*** DATA FOR REVIEW Section Begins ***

(* Let $\bar Y_n$ be the out-degree of a node chosen uniformly at random from the inserted nodes $\{1,\dots,n\}$ of a random ordered increasing $k$-tree of size $n\ge1$. Then for $m\ge0$, \[ \mathbb{P}\{\bar Y_n=m\}=\frac{1}{n\binom{n-\frac{k}{k+1}}{n}}\sum_{\ell=0}^{m}\frac{\binom{m}{\ell}(-1)^{\ell}}{k(\ell+2)+1}\left(\binom{n+\frac{1}{k+1}}{n}-\binom{n-\frac{k(\ell+2)}{k+1}}{n}\right). \] As $n\to\infty$, $\bar Y_n$ converges in distribution to a discrete random variable $\bar Y$ with \[ \mathbb{P}\{\bar Y=m\}=p_m:=\frac{k+1}{k(m+1)\binom{m+2+\frac1k}{m+1}},\quad m\ge0, \] and $p_m\sim\frac{k+1}{k}\Gamma(2+\frac1k)\,m^{-2-\frac1k}$ as $m\to\infty$.
   Context: Fix an integer $k\ge1$. An ordered increasing $k$-tree of size $n\ge0$ is built as follows. Start with the root-clique $K_0$: $k$ pairwise adjacent vertices labelled $0_1,\dots,0_k$ (the root nodes; each label $0_\ell$ has value $0$). For $j=1,\dots,n$ in turn, node $j$ is inserted by choosing a currently existing $k$-clique $K$ and attaching $j$ to it, i.e. adding edges from $j$ to all $k$ vertices of $K$; $j$ is then a child of $K$ and the vertices of $K$ are the parents of $j$. The $k$-cliques available for attachment are the root-clique and, for every previously inserted node $x$ attached to a clique $K'$, the $k$ cliques $\{x\}\cup(K'\setminus\{w\})$, $w\in K'$. The children of each $k$-clique are linearly ordered: if $K$ currently has $d^+(K)$ children, there are $d^+(K)+1$ positions at which the new child may be placed, and the choice of position is part of the structure. Thus there are $1+(k+1)(j-1)$ ways to insert node $j$, and distinct sequences of choices give distinct trees. A random ordered increasing $k$-tree of size $n$ is one chosen uniformly among all of them; equivalently, it is produced by the process in which node $n$ is attached to the clique $K$ with probability $\frac{d^+(K)+1}{1+(k+1)(n-1)}$ (and a uniformly random position among the $d^+(K)+1$). The out-degree of a node $u$ is the number of nodes having $u$ as a parent (for a root node this is its number of non-root neighbours). For real $x$ and integer $m\ge0$, $\binom{x}{m}=x(x-1)\cdots(x-m+1)/m!$, and $\binom{x}{m}=0$ for $m<0$. *)

theory Defs
  imports "HOL-Probability.Probability"
begin

text \<open>Vertices: root nodes Root i (i < k) standing for 0_(i+1), and inserted nodes Node j (j \<ge> 1).\<close>
datatype vtx = Root nat | Node nat

definition root_clique :: "nat \<Rightarrow> vtx set" where
  "root_clique k = Root ` {..<k}"

text \<open>A tree is described by its list of insertion choices: entry i (0-based) is the pair
  (K, p) where K is the clique to which node i+1 is attached and p \<in> {0..d+(K)} the chosen
  position among the children of K.\<close>
definition avail :: "nat \<Rightarrow> vtx set list \<Rightarrow> vtx set set" where
  "avail k Ks = insert (root_clique k)
     (\<Union>i<length Ks. (\<lambda>w. insert (Node (Suc i)) (Ks ! i - {w})) ` (Ks ! i))"

definition nchildren :: "vtx set list \<Rightarrow> vtx set \<Rightarrow> nat" where
  "nchildren Ks K = length (filter (\<lambda>K'. K' = K) Ks)"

*** DATA FOR REVIEW Section Ends ***

* _WORK REQUIRED_
Show the lines in the entries above that include the string "open".

* _ANSWER TO THIS EXERCISE_
text \<open>Vertices: root nodes Root i (i < k) standing for 0_(i+1), and inserted nodes Node j (j \<ge> 1).\<close>
text \<open>A tree is described by its list of insertion choices: entry i (0-based) is the pair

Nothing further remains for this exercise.